It was introduced by then-Senator Lyndon B. Johnson, mostly to stop some Texas nonprofits from attacking him during a campaign. It passed quietly, with no debate, and over time, it became a kind of political muzzle for religious groups: preach all you want, but you can’t stump.
In theory, the rule applied to all tax-exempt nonprofits, but in practice, the IRS almost never enforced it, especially against churches. It was more of an effective threat than an actual hammer— used selectively, inconsistently, and often politically. For years, conservative churches complied but argued that the rule violated free speech and religious freedom, while critics said repealing it would turn churches into partisan fundraising machines.
Now, thanks to a lawsuit by conservative Christians and a recent IRS court filing supporting their position, the Johnson Amendment is basically dead. Pastors may now legally endorse candidates from the pulpit without risking their tax-exempt status.
The IRS didn’t (couldn’t) rescind the statute. Instead, it reinterpreted the statute, saying that 501c3’s may legally endorse or oppose political candidates within their own membership.

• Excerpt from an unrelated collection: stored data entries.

lemma tile_eq_box:
  assumes lo: "lo \<in> cuts x" "lo \<le> x a" "\<And>c. c \<in> cuts x \<Longrightarrow> c \<le> x a \<Longrightarrow> c \<le> lo"
    and hi: "hi \<in> cuts x" "x a < hi" "\<And>c. c \<in> cuts x \<Longrightarrow> x a < c \<Longrightarrow> hi \<le> c"
  shows "{y. same_tile x y} =
    box ((\<lambda>i. cell_start k (g i) (x i))(a := lo)) ((\<lambda>i. cell_start k (g i) (x i) + k - 1)(a := hi - 1))"
proof -
  have column: "same_column x y \<longleftrightarrow>
      (\<forall>i. i \<noteq> a \<longrightarrow> cell_start k (g i) (x i) \<le> y i \<and> y i \<le> cell_start k (g i) (x i) + k - 1)" for y
    unfolding same_column_def using div_eq_iff_cell_start[OF k_pos] by auto
  have no_cut: "(\<forall>c\<in>cuts x. c \<le> x a \<longleftrightarrow> c \<le> y a) \<longleftrightarrow> lo \<le> y a \<and> y a \<le> hi - 1" for y
  proof
    assume "\<forall>c\<in>cuts x. c \<le> x a \<longleftrightarrow> c \<le> y a"
    then show "lo \<le> y a \<and> y a \<le> hi - 1" using lo(1,2) hi(1,2) by force
  next
    assume "lo \<le> y a \<and> y a \<le> hi - 1"
    then show "\<forall>c\<in>cuts x. c \<le> x a \<longleftrightarrow> c \<le> y a"
      using lo(3) hi(3) by (meson dual_order.trans le_less_trans linorder_not_le zle_diff1_eq)
  qed
  show ?thesis
    unfolding same_tile_def column no_cut box_def by (auto split: if_splits)
qed

lemma almost_box_tile: "almost_box k {y. same_tile x y}"
proof -
  obtain c1 where "c1 \<in> cuts x" "x a - 2 * k + 1 \<le> c1" "c1 \<le> x a"
    using cut_in_window[of x "x a - 2 * k + 1"] by auto
  then obtain lo where lo: "lo \<in> cuts x" "lo \<le> x a" "\<And>c. c \<in> cuts x \<Longrightarrow> c \<le> x a \<Longrightarrow> c \<le> lo"
    using int_greatest_below by metis
  obtain c2 where "c2 \<in> cuts x" "x a < c2"
    using cut_in_window[of x "x a + 1"] by auto
  then obtain hi where hi: "hi \<in> cuts x" "x a < hi" "\<And>c. c \<in> cuts x \<Longrightarrow> x a < c \<Longrightarrow> hi \<le> c"
    using int_least_above by metis
  have "lo + k \<le> hi" using cuts_gap[OF lo(1) hi(1)] lo(2) hi(2) by simp
  moreover have "hi \<le> lo + 2 * k"
  proof -
    obtain c where c: "c \<in> cuts x" "lo + 1 \<le> c" "c < lo + 1 + 2 * k"
      using cut_in_window by blast
    then have "x a < c" using lo(3) by force
    then show ?thesis using hi(3)[OF c(1)] c(3) by simp
  qed
  moreover have "{y. same_tile x y} =
      box ((\<lambda>i. cell_start k (g i) (x i))(a := lo)) ((\<lambda>i. cell_start k (g i) (x i) + k - 1)(a := hi - 1))"
    by (rule tile_eq_box[OF lo hi])
  ultimately show ?thesis by (auto intro: almost_box_boxI[where a = a])
qed

lemma same_tile_stays_in_Q_minus_P:
  assumes x: "x \<in> Q - P" and "same_tile x y"
  shows "y \<in> Q - P"
proof -
  have column: "same_column x y" and sides: "\<forall>c\<in>cuts x. c \<le> x a \<longleftrightarrow> c \<le> y a"
    using assms(2) unfolding same_tile_def by auto
  have between: "c \<notin> cuts x" if "min (x a) (y a) < c" "c \<le> max (x a) (y a)" for c
    using sides that by force
  have "x(a := x a) \<in> P \<longleftrightarrow> x(a := y a) \<in> P"
    by (rule int_eq_on_interval[where f = "\<lambda>p. x(a := p) \<in> P"])
      (use between boundary_subset_cuts in \<open>auto simp: boundary_def\<close>)
  moreover have "x(a := x a) \<in> Q \<longleftrightarrow> x(a := y a) \<in> Q"
    by (rule int_eq_on_interval[where f = "\<lambda>p. x(a := p) \<in> Q"])
      (use between Q_boundary_in_cuts in blast)
  ultimately have "x(a := y a) \<in> Q - P" using x by simp
  then show ?thesis
    using mem_P_iff_same_column[OF column] mem_Q_iff_same_column[OF column] by simp
qed

theorem tiled_Q_minus_P: "tiled_by_almost_boxes k (Q - P)"
  using tiled_by_almost_boxes_equiv_classes[OF equivp_same_tile almost_box_tile]
    same_tile_stays_in_Q_minus_P by blast

end

section \<open>Collars\<close>

lemma thicken_mono:
  assumes "r \<le> s" "A \<subseteq> B"
  shows "thicken r A \<subseteq> thicken s B"
proof
  fix x
  assume "x \<in> thicken r A"
  then obtain y where "y \<in> A" "\<forall>i. \<bar>x i - y i\<bar> \<le> r" unfolding thicken_def by blast
  moreover from this(2) have "\<bar>x i - y i\<bar> \<le> s" for i using assms(1) by (meson order_trans)
  ultimately show "x \<in> thicken s B" using assms(2) unfolding thicken_def by blast
qed

lemma thicken_thicken: "thicken r (thicken s D) \<subseteq> thicken (r + s) D"
proof
  fix x
  assume "x \<in> thicken r (thicken s D)"
  then obtain y z where z: "z \<in> D" and "\<forall>i. \<bar>x i - y i\<bar> \<le> r" "\<forall>i. \<bar>y i - z i\<bar> \<le> s"
    unfolding thicken_def by blast
  then have "\<bar>x i - z i\<bar> \<le> r + s" for i
    by (auto simp: abs_le_iff dest!: spec[of _ i])
  then show "x \<in> thicken (r + s) D" using z unfolding thicken_def by blast
qed

lemma cell_hull_subset_thicken:
  assumes "k > 0"
  shows "cell_hull k g S \<subseteq> thicken k S"
proof
  fix x
  assume "x \<in> cell_hull k g S"
  then obtain y where "y \<in> S" "same_cell k g y x" unfolding cell_hull_def by blast
  moreover from this(2) have "\<bar>x i - y i\<bar> \<le> k" for i
    using same_cell_dist[OF assms, of g y x i] by (simp add: abs_minus_commute)
  ultimately show "x \<in> thicken k S" unfolding thicken_def by blast
qed

definition stretch :: "int \<Rightarrow> ('d \<Rightarrow> int) set \<Rightarrow> 'd set \<Rightarrow> ('d \<Rightarrow> int) set" where
  "stretch r D J = {y. \<exists>z\<in>D. \<forall>i. (i \<notin> J \<longrightarrow> y i = z i) \<and> \<bar>y i - z i\<bar> \<le> r}"

lemma stretch_empty: "r \<ge> 0 \<Longrightarrow> stretch r D {} = D"
  unfolding stretch_def by (auto simp: all_conj_distrib fun_eq_iff[symmetric])

lemma subset_stretch: "r \<ge> 0 \<Longrightarrow> D \<subseteq> stretch r D J"
  unfolding stretch_def by force

lemma stretch_subset_thicken: "stretch r D J \<subseteq> thicken r D"
  unfolding stretch_def thicken_def by blast

definition mixed_origin :: "('d \<Rightarrow> int) \<Rightarrow> ('d \<Rightarrow> int) \<Rightarrow> 'd set \<Rightarrow> 'd \<Rightarrow> int" where
  "mixed_origin gC gD J = (\<lambda>i. if i \<in> J then gC i else gD i)"

lemma mixed_origin_empty [simp]: "mixed_origin gC gD {} = gD"
  and mixed_origin_UNIV [simp]: "mixed_origin gC gD UNIV = gC"
  unfolding mixed_origin_def by simp_all

definition collar :: "int \<Rightarrow> ('d \<Rightarrow> int) \<Rightarrow> ('d \<Rightarrow> int) \<Rightarrow> ('d \<Rightarrow> int) set \<Rightarrow> 'd set \<Rightarrow> ('d \<Rightarrow> int) set" where
  "collar k gC gD D J = cell_hull k (mixed_origin gC gD J) (stretch (2 * k) D J)"

lemma cell_union_collar: "cell_union k (mixed_origin gC gD J) (collar k gC gD D J)"
  unfolding collar_def by (rule cell_union_cell_hull)

lemma collar_empty: "k \<ge> 0 \<Longrightarrow> cell_union k gD D \<Longrightarrow> collar k gC gD D {} = D"
  unfolding collar_def by (simp add: stretch_empty cell_hull_cell_union)

lemma subset_collar: "k \<ge> 0 \<Longrightarrow> D \<subseteq> collar k gC gD D J"
  unfolding collar_def using subset_stretch[of "2 * k" D J] subset_cell_hull by fastforce

lemma collar_subset_thicken:
  assumes "k > 0"
  shows "collar k gC gD D J \<subseteq> thicken (3 * k) D"
proof -
  have "collar k gC gD D J \<subseteq> thicken k (stretch (2 * k) D J)"
    unfolding collar_def by (rule cell_hull_subset_thicken[OF assms])
  also have "\<dots> \<subseteq> thicken k (thicken (2 * k) D)"
    by (rule thicken_mono[OF order_refl stretch_subset_thicken])
  also have "\<dots> \<subseteq> thicken (3 * k) D"
    using thicken_thicken[of k "2 * k" D] by simp
  finally show ?thesis .
qed

lemma collar_shift:
  assumes "k > 0" "a \<notin> J" "x \<in> collar k gC gD D J" "\<bar>t\<bar> \<le> k"
  shows "x(a := x a + t) \<in> collar k gC gD D (insert a J)"
proof -
  obtain y z where cell: "same_cell k (mixed_origin gC gD J) y x" and "z \<in> D"
    and yz: "\<forall>i. (i \<notin> J \<longrightarrow> y i = z i) \<and> \<bar>y i - z i\<bar> \<le> 2 * k"
    using assms(3) unfolding collar_def cell_hull_def stretch_def by blast
  define y' where "y' = y(a := x a + t)"
  have "\<bar>y a - x a\<bar> < k" using same_cell_dist[OF assms(1) cell] .
  moreover have "y a = z a" using yz assms(2) by blast
  ultimately have "\<bar>y' a - z a\<bar> \<le> 2 * k" unfolding y'_def using assms(4) by simp
  then have "y' \<in> stretch (2 * k) D (insert a J)"
    using yz \<open>z \<in> D\<close> unfolding stretch_def y'_def by auto
  moreover have "same_cell k (mixed_origin gC gD (insert a J)) y' (x(a := x a + t))"
    unfolding same_cell_def
  proof
    fix i
    show "(y' i - mixed_origin gC gD (insert a J) i) div k =
        ((x(a := x a + t)) i - mixed_origin gC gD (insert a J) i) div k"
    proof (cases "i = a")
      case False
      then have "mixed_origin gC gD (insert a J) i = mixed_origin gC gD J i"
        by (simp add: mixed_origin_def)
      then show ?thesis using cell False unfolding same_cell_def y'_def by simp
    qed (simp add: y'_def)
  qed
  ultimately show ?thesis unfolding collar_def cell_hull_def by blast
qed

lemma tiled_collar_Diff:
  assumes "k > 0" "cell_union k gD D" "finite J"
  shows "tiled_by_almost_boxes k (collar k gC gD D J - D)"
  using assms(3)
proof (induction J rule: finite_induct)
  case empty
  show ?case using collar_empty[of k gD D gC] assms(1,2) tiled_by_almost_boxes_empty by simp
next
  case (insert a J)
  let ?P = "collar k gC gD D J" and ?Q = "collar k gC gD D (insert a J)"
  have "cell_strip k (mixed_origin gC gD J) (mixed_origin gC gD (insert a J)) a ?P ?Q"
  proof (rule cell_strip.intro)
    show "\<And>i. i \<noteq> a \<Longrightarrow> mixed_origin gC gD J i = mixed_origin gC gD (insert a J) i"
      by (simp add: mixed_origin_def)
  qed (use assms(1) insert(2) cell_union_collar collar_shift in auto)
  then have "tiled_by_almost_boxes k (?Q - ?P)" by (rule cell_strip.tiled_Q_minus_P)
  moreover have "?P \<subseteq> ?Q" using collar_shift[OF assms(1) insert(2), of _ gC gD D 0] assms(1) by fastforce
  moreover have "D \<subseteq> ?P" using subset_collar assms(1) less_imp_le by blast
  ultimately have "tiled_by_almost_boxes k ((?P - D) \<union> (?Q - ?P))"
    using tiled_by_almost_boxes_Un[OF insert(3)] by blast
  moreover have "(?P - D) \<union> (?Q - ?P) = ?Q - D" using \<open>?P \<subseteq> ?Q\<close> \<open>D \<subseteq> ?P\<close> by blast
  ultimately show ?case by simp
qed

When a church speaks to its own members —like during services or through internal communications— it’s not considered “campaigning,” but rather a kind of private religious expression. In other words, pastors can now legally endorse candidates from the pulpit to their own congregations, and the IRS won’t treat it as a violation. The law still bans public political campaigning by nonprofits— but if it happens inside the family, it’s now fair game.
This reinterpretation could detonate like a depth charge under the 2026 midterms. For the first time in decades, thousands of churches —many with deeply engaged, highly motivated congregations— are now free to openly endorse candidates from the pulpit without fear of IRS reprisal.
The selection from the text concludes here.